The first 45 minutes of Mother Mary are fairly grounded. Two powerhouse performers sit in a barn and play a game of cat-and-mouse; Mary clearly has an ulterior motive for her visit, and Sam’s pride is too injured for her to show a hint of interest. But as they dance around the subject of What is Really Going On, Mary surfaces the story of an entity that both haunts her and connects her to Sam.

Mother Mary and The Green Knight stand as polar opposite films in their energy and scope. The Green Knight feels incredibly masculine, ancient, and vast – spanning years, many miles, and a menagerie of other-worldly characters. Mother Mary is entrenched in femininity, modernity, and is shockingly bare: the kind of film that would translate to a stage play with ease, using only a few simple sets. But between them both I felt a connective tissue. They both feel, at their bones, like folklore tales. They dip into horror and surreal atmospheres; they’re equally moody, compelling mixtures of warm character moments and steely chill. In giving us something that feels spiritually related to The Green Knight but also lives on another end of an invisible spectrum, Lowery has created something entirely new.

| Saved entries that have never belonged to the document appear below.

lemma is_path_snoc:
  assumes "xs \<noteq> []"
  shows "is_path A (xs @ [w], as @ [c]) \<longleftrightarrow>
    is_path A (xs, as) \<and> w \<notin> set xs \<and> c \<notin> set as \<and> c \<in> A \<and> precedes (last xs) w c"
proof -
  have "(\<forall>i < Suc (length as). precedes ((xs @ [w]) ! i) ((xs @ [w]) ! Suc i) ((as @ [c]) ! i)) \<longleftrightarrow>
      (\<forall>i < length as. precedes (xs ! i) (xs ! Suc i) (as ! i)) \<and> precedes (last xs) w c"
    if len: "length as + 1 = length xs"
  proof -
    have "last xs = xs ! length as"
      using len[symmetric] assms by (simp add: last_conv_nth)
    then show ?thesis
      using len by (simp only: All_less_Suc) (auto simp: nth_append)
  qed
  then show ?thesis
    unfolding is_path_def by auto
qed

lemma is_path_cases_last:
  assumes "is_path A (ys, bs)"
  obtains "ys = [last ys]" and "bs = []"
    | ys0 bs0 b where "ys = ys0 @ [last ys]" and "bs = bs0 @ [b]" and "ys0 \<noteq> []"
proof (cases bs rule: rev_cases)
  case Nil
  then show ?thesis
    using assms that(1) unfolding is_path_def by (cases ys) auto
next
  case (snoc bs0 b)
  moreover have "length ys = length bs + 1"
    using assms by (simp add: is_path_def)
  ultimately show ?thesis
    using that(2) by (cases ys rule: rev_cases) (auto simp flip: length_greater_0_conv)
qed

definition path_partition :: "'a set \<Rightarrow> 'a list set \<Rightarrow> ('a list \<times> 'a list list) set \<Rightarrow> bool" where
  "path_partition V A \<P> \<longleftrightarrow> (\<forall>p\<in>\<P>. is_path A p) \<and>
     pairwise (\<lambda>p q. disjnt (set (fst p)) (set (fst q)) \<and> disjnt (set (snd p)) (set (snd q))) \<P> \<and>
     (\<Union>p\<in>\<P>. set (fst p)) = V"

lemma path_cover_iff: "path_cover V A P \<longleftrightarrow> distinct P \<and> path_partition V A (set P)"
proof
  assume cover: "path_cover V A P"
  have paths: "\<forall>p\<in>set P. is_path A p"
    using cover by (simp add: path_cover_def)
  have disj: "disjnt (set (fst (P ! i))) (set (fst (P ! j)))"
    if "i < length P" "j < length P" "i \<noteq> j" for i j
    using cover that by (simp add: path_cover_def disjnt_def)
  have "distinct P"
  proof (unfold distinct_conv_nth, intro allI impI)
    fix i j assume ij: "i < length P" "j < length P" "i \<noteq> j"
    have "fst (P ! i) \<noteq> []"
      using paths ij(1) is_path_nonempty nth_mem by blast
    then show "P ! i \<noteq> P ! j"
      using disj[OF ij] by auto
  qed
  moreover have "pairwise (\<lambda>p q. disjnt (set (fst p)) (set (fst q))) (set P)"
  proof (rule pairwiseI)
    fix p q assume "p \<in> set P" "q \<in> set P" "p \<noteq> q"
    then obtain i j where "i < length P" "j < length P" "i \<noteq> j" "p = P ! i" "q = P ! j"
      by (metis in_set_conv_nth)
    then show "disjnt (set (fst p)) (set (fst q))"
      using disj by blast
  qed
  ultimately show "distinct P \<and> path_partition V A (set P)"
    using cover paths is_path_distinct_arcs distinct_concat_map_iff[of P snd]
    by (auto simp: path_cover_def path_partition_def pairwise_def)
next
  assume "distinct P \<and> path_partition V A (set P)"
  then show "path_cover V A P"
    using is_path_distinct_arcs distinct_concat_map_iff[of P snd]
    by (auto simp: path_cover_def path_partition_def pairwise_def disjnt_def nth_eq_iff_index_eq)
qed

definition terminals :: "('a list \<times> 'a list list) set \<Rightarrow> 'a set" where
  "terminals \<P> = (\<lambda>p. last (fst p)) ` \<P>"

lemma terminalsE:
  assumes "x \<in> terminals \<P>"
  obtains xs as where "(xs, as) \<in> \<P>" and "last xs = x"
  using assms unfolding terminals_def by (metis (no_types, lifting) imageE prod.collapse)

lemma path_partition_restrict_arcs:
  "path_partition V A \<P> \<Longrightarrow> (\<forall>p\<in>\<P>. set (snd p) \<subseteq> B) \<Longrightarrow> path_partition V B \<P>"
  by (auto simp: path_partition_def intro: is_path_restrict_arcs)

lemma path_partition_vertices: "path_partition V A \<P> \<Longrightarrow> p \<in> \<P> \<Longrightarrow> set (fst p) \<subseteq> V"
  by (auto simp: path_partition_def)

lemma path_partition_arcs: "path_partition V A \<P> \<Longrightarrow> p \<in> \<P> \<Longrightarrow> set (snd p) \<subseteq> A"
  by (cases p) (auto simp: path_partition_def is_path_def)

lemma path_partition_last_in: "path_partition V A \<P> \<Longrightarrow> p \<in> \<P> \<Longrightarrow> last (fst p) \<in> set (fst p)"
  unfolding path_partition_def using is_path_nonempty last_in_set by blast

lemma path_partition_disjoint:
  "path_partition V A \<P> \<Longrightarrow> p \<in> \<P> \<Longrightarrow> q \<in> \<P> \<Longrightarrow> p \<noteq> q \<Longrightarrow> x \<in> set (fst p) \<Longrightarrow> x \<notin> set (fst q)"
  by (auto simp: path_partition_def pairwise_def disjnt_def)

lemma path_partition_inj_on_last:
  assumes "path_partition V A \<P>"
  shows "inj_on (\<lambda>p. last (fst p)) \<P>"
proof (rule inj_onI)
  fix p q assume "p \<in> \<P>" "q \<in> \<P>" "last (fst p) = last (fst q)"
  then show "p = q"
    using path_partition_last_in[OF assms] path_partition_disjoint[OF assms] by metis
qed

lemma card_terminals: "path_partition V A \<P> \<Longrightarrow> card (terminals \<P>) = card \<P>"
  unfolding terminals_def by (rule card_image[OF path_partition_inj_on_last])

lemma terminals_subset: "path_partition V A \<P> \<Longrightarrow> terminals \<P> \<subseteq> V"
  unfolding terminals_def using path_partition_last_in path_partition_vertices by fast

lemma path_partition_finite: "finite V \<Longrightarrow> path_partition V A \<P> \<Longrightarrow> finite \<P>"
  using finite_subset[OF terminals_subset] finite_imageD[OF _ path_partition_inj_on_last]
  unfolding terminals_def by blast

lemma terminals_remove:
  "path_partition V A \<P> \<Longrightarrow> p \<in> \<P> \<Longrightarrow> terminals (\<P> - {p}) = terminals \<P> - {last (fst p)}"
  unfolding terminals_def using inj_on_image_set_diff[OF path_partition_inj_on_last, of V A \<P> \<P> "{p}"]
  by simp

(* The i-th arc of a path contains its i-th vertex, which ends neither this path nor, by
disjointness, any other. *)
lemma arc_within_terminals_unused:
  assumes partition: "path_partition V A \<P>" and "set a \<subseteq> terminals \<P>" and "(xs, as) \<in> \<P>"
  shows "a \<notin> set as"
proof
  assume "a \<in> set as"
  then obtain t where t: "t < length as" "as ! t = a"
    by (meson in_set_conv_nth)
  have path: "is_path A (xs, as)"
    using partition assms(3) by (simp add: path_partition_def)
  then have "precedes (xs ! t) (xs ! Suc t) a"
    using t by (auto simp: is_path_def)
  then have "xs ! t \<in> terminals \<P>"
    using assms(2) precedes_mem(1) by (metis subsetD)
  then obtain q where q: "q \<in> \<P>" "last (fst q) = xs ! t"
    unfolding terminals_def by auto
  have len: "length xs = Suc (length as)" "distinct xs"
    using path by (simp_all add: is_path_def)
  show False
  proof (cases "q = (xs, as)")
    case True
    then have "xs ! length as = xs ! t"
      using q(2) len True by (cases xs rule: rev_cases) (auto simp: nth_append)
    then show False
      using t(1) len by (simp add: nth_eq_iff_index_eq)
  next
    case False
    have "xs ! t \<in> set xs"
      using t(1) len(1) by simp
    then show False
      using path_partition_disjoint[OF partition q(1) assms(3) False] path_partition_last_in[OF partition q(1)]
        q(2) by auto
  qed
qed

When you talk about what works best in Mother Mary, it’s always going to come down to the performances from Hathaway and Coel. Hathaway inhabits the role of a pop star sensation exactly as effortlessly as you’d expect her to, channeling the likes of Taylor Swift, Beyonce, Lady Gaga, and more. Her physical performance is perhaps the most notable: she does an exorcist-like dance in the film that she spent months preparing for, and that effort pays off. But she also masterfully embodies the role in a wispy, shell-of-a-person sort of way. Mary is hanging on by a thread, having been hollowed out and torn apart by the relentless worship and scrutiny of the masses.

Coel, meanwhile, does almost invisible work to make Sam a character you root for. Sam is bitter, closed off, and hurt by the way their relationship ended. It’s like walking into a fight that’s been going on for hours and just seeing the injured party stewing to themselves without the context of everything that preceded it. A character so guarded yet still playful, commanding, and vulnerable is almost hard to imagine in the hands of anyone else. Coel and Hathaway’s chemistry constantly flirts across several boundaries – lifelong friends, professional collaborators, frenemies, lovers? – in a way that makes the “two people sitting in a room” format sing where it so often sinks.

That said, Mother Mary stumbles in its third act. The folktale resolution itself isn’t the problem – it’s the trappings around it. Lowery dials up the warmth too abruptly: brighter music, tidier emotional outcomes, a cloying sense of everything clicking into place. For a film that spent two acts reveling in its own messy and moody ambiguity, the sudden shift feels less like catharsis and more like a concession.

But still, if you’re up for something a little different, I can promise you this: Mother Mary is unlike anything you’ve seen before. And it lingers the way the best folklore does – unresolved, a little unsettling, and impossible to fully shake.